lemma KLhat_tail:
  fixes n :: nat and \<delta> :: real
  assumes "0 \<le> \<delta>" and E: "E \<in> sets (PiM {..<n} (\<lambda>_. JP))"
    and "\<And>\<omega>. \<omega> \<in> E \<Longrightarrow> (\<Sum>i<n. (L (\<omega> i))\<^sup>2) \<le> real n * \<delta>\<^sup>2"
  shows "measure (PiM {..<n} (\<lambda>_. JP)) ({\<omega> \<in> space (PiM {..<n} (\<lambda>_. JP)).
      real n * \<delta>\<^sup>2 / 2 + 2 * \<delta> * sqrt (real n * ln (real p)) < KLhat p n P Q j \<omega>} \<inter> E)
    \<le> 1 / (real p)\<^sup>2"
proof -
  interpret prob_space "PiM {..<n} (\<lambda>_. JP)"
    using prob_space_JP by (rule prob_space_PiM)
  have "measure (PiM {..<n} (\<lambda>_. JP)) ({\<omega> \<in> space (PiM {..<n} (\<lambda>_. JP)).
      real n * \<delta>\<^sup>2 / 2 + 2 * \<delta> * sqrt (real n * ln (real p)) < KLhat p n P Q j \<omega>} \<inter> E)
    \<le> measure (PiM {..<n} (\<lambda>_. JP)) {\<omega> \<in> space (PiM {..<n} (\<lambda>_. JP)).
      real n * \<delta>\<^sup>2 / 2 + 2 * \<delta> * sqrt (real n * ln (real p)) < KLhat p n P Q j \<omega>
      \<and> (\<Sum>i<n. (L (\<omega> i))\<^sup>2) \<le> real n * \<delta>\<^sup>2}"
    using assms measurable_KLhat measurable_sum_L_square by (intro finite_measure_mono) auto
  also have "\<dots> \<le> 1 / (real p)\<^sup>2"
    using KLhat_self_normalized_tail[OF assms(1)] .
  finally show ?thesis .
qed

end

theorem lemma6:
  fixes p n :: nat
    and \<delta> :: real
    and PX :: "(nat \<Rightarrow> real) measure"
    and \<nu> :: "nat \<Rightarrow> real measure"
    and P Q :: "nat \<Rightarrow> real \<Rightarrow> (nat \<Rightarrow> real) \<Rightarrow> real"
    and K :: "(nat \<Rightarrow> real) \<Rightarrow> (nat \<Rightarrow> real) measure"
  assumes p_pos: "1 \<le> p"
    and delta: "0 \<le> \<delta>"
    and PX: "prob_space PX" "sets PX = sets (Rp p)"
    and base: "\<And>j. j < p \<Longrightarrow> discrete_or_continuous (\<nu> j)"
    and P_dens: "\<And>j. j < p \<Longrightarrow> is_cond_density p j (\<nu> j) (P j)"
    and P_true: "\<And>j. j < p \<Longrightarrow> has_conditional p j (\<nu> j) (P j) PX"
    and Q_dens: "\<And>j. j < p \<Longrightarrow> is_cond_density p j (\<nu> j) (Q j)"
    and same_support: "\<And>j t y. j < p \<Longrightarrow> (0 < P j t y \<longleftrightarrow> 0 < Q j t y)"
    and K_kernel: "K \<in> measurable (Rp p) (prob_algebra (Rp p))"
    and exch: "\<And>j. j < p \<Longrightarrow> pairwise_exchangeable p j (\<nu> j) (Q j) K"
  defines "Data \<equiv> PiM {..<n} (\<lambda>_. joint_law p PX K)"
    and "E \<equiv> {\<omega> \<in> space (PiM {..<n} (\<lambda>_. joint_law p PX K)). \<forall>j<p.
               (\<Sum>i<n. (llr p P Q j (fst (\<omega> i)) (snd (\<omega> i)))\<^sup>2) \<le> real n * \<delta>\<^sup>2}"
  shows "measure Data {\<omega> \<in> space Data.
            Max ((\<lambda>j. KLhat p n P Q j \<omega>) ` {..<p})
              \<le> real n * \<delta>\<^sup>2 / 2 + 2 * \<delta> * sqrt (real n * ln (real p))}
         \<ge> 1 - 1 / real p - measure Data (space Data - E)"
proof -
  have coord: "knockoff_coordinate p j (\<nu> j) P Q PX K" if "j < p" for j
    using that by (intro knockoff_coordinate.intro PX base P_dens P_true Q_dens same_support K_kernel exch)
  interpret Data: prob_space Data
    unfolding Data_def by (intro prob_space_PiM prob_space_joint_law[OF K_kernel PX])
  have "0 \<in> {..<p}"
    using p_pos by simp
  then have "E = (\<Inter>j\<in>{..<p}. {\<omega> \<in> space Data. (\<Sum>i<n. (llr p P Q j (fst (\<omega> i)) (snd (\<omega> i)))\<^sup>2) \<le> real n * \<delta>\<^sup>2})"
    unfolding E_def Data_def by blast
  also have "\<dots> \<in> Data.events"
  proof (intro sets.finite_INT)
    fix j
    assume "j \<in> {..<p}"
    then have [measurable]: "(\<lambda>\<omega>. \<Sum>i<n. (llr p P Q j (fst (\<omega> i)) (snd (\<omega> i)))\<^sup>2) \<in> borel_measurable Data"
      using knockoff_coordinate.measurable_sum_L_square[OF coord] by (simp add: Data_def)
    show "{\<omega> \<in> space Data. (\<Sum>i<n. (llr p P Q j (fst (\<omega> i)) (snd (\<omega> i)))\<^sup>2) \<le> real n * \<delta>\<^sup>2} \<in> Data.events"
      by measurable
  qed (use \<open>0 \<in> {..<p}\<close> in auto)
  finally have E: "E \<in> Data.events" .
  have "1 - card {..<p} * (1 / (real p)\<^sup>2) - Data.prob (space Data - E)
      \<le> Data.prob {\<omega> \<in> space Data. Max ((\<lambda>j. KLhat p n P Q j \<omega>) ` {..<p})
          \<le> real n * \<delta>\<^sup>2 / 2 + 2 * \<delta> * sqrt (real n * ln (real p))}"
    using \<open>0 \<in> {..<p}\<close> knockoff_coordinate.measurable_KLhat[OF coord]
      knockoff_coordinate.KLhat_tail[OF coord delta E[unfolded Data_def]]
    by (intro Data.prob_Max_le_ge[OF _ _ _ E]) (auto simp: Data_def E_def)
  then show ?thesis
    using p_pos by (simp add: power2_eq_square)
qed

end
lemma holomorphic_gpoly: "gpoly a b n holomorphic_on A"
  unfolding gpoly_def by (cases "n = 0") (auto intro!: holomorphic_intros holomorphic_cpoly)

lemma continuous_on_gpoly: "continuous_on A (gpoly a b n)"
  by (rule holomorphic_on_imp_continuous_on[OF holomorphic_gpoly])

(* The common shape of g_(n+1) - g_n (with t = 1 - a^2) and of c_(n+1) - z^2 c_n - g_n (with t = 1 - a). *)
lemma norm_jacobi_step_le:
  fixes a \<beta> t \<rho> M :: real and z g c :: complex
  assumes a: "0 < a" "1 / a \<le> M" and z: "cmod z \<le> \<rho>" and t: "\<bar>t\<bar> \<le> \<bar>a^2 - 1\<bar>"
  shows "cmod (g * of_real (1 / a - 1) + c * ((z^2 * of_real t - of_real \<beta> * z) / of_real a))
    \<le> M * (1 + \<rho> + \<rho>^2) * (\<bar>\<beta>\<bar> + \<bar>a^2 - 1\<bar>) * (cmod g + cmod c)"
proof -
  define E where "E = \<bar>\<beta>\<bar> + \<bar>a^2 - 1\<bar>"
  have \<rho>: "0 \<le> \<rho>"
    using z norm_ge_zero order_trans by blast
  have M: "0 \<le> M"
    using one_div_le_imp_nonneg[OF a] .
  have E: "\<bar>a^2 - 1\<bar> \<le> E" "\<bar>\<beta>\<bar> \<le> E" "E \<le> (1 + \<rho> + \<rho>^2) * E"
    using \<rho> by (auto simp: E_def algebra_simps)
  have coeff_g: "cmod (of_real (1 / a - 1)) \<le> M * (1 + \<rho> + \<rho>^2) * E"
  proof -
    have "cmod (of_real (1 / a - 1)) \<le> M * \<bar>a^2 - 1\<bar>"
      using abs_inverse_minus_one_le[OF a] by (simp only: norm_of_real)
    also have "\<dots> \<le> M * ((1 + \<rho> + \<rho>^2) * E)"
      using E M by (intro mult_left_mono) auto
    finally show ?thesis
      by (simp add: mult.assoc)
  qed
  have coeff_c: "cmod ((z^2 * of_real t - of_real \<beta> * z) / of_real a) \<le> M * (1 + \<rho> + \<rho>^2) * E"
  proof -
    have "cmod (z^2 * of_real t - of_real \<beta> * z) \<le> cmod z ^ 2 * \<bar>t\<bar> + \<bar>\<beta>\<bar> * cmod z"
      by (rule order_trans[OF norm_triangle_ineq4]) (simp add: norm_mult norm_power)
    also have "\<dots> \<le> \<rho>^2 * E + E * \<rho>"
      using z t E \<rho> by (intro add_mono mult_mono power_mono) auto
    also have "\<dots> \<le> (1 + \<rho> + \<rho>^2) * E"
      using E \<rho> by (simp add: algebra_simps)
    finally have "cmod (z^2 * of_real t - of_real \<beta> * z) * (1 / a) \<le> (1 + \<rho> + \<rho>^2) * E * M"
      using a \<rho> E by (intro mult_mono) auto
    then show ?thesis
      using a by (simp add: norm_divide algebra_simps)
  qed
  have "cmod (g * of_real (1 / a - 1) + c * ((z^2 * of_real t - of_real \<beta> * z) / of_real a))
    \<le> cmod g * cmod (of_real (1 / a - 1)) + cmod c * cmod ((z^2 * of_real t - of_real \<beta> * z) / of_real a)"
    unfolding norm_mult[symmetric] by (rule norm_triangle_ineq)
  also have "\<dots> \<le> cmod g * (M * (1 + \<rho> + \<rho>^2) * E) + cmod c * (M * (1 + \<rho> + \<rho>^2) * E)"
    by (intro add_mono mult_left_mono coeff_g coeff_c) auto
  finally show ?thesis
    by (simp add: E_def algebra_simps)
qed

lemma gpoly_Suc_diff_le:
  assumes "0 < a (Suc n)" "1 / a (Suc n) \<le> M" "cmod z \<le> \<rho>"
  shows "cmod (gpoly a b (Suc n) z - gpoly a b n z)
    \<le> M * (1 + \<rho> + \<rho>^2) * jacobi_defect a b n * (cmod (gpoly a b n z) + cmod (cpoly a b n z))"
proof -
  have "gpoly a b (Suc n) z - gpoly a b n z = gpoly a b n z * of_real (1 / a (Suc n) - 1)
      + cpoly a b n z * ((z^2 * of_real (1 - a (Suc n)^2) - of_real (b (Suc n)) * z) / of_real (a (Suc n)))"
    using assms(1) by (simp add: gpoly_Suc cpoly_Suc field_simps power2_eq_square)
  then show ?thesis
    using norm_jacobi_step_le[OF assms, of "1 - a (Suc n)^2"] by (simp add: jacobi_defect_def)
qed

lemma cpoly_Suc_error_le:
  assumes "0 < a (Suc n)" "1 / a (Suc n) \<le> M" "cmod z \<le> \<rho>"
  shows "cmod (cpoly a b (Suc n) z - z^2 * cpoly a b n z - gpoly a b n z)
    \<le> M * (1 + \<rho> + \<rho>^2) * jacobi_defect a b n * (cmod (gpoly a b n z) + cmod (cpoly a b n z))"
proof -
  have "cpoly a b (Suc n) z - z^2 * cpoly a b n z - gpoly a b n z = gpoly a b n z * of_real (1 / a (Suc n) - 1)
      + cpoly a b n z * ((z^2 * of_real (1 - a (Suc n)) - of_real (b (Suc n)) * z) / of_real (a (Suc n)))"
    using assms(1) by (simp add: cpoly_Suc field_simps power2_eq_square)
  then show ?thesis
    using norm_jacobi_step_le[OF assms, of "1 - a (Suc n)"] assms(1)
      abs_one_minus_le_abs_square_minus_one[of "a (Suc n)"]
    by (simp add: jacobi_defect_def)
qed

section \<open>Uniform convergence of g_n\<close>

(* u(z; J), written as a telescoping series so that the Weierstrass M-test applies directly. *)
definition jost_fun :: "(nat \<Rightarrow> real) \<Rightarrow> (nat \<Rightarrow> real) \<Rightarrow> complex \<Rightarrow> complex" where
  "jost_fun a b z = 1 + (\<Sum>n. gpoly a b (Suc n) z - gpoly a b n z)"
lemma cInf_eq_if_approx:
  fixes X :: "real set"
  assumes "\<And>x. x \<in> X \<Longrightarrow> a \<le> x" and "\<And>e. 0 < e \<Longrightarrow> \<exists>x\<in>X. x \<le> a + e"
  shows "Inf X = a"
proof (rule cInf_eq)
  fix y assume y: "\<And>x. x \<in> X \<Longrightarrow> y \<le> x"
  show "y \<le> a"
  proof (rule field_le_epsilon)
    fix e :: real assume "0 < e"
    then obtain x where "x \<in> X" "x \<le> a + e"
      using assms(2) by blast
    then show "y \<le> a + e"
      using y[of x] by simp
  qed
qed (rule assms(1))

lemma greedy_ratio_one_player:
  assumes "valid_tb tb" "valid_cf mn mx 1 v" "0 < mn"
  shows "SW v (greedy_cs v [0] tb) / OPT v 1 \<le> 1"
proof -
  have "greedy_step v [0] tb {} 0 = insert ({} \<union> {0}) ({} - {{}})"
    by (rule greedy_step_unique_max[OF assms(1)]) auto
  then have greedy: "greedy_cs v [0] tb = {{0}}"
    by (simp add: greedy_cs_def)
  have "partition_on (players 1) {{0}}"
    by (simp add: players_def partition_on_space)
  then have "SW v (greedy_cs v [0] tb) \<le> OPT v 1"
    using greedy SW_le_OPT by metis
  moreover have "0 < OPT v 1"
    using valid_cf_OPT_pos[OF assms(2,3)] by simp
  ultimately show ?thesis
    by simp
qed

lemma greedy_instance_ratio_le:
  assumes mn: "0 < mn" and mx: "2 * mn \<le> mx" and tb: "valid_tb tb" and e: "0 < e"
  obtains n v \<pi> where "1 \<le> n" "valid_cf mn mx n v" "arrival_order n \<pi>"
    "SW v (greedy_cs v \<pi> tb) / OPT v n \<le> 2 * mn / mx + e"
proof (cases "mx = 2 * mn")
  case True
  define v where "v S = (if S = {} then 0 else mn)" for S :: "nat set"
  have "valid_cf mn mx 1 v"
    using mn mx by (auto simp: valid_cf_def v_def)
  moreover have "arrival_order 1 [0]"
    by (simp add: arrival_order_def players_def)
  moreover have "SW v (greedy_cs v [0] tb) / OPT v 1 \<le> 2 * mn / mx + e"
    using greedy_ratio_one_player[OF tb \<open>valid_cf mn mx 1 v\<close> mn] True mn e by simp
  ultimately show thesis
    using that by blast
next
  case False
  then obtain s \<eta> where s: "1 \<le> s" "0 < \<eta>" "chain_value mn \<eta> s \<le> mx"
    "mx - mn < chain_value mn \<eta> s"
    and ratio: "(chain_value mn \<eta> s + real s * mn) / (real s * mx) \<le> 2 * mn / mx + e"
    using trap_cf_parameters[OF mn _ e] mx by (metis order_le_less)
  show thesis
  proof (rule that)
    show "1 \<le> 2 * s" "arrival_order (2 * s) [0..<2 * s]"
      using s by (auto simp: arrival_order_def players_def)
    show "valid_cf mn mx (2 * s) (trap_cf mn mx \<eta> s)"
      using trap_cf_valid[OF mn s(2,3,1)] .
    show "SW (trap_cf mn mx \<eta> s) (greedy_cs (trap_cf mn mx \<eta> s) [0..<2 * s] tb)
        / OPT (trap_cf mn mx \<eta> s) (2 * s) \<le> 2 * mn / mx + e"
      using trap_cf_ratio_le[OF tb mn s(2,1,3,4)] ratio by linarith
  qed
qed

* WORK TASK *
Among the entries above, the lines between the ones containing "PX K)). \<forall>j<p." and "j (\<nu> j) P", inclusive, are to be transcribed exactly. No other line is to be given.

* EXERCISE SOLUTION *
    and "E \<equiv> {\<omega> \<in> space (PiM {..<n} (\<lambda>_. joint_law p PX K)). \<forall>j<p.
               (\<Sum>i<n. (llr p P Q j (fst (\<omega> i)) (snd (\<omega> i)))\<^sup>2) \<le> real n * \<delta>\<^sup>2}"
  shows "measure Data {\<omega> \<in> space Data.
            Max ((\<lambda>j. KLhat p n P Q j \<omega>) ` {..<p})
              \<le> real n * \<delta>\<^sup>2 / 2 + 2 * \<delta> * sqrt (real n * ln (real p))}
         \<ge> 1 - 1 / real p - measure Data (space Data - E)"
proof -
  have coord: "knockoff_coordinate p j (\<nu> j) P Q PX K" if "j < p" for j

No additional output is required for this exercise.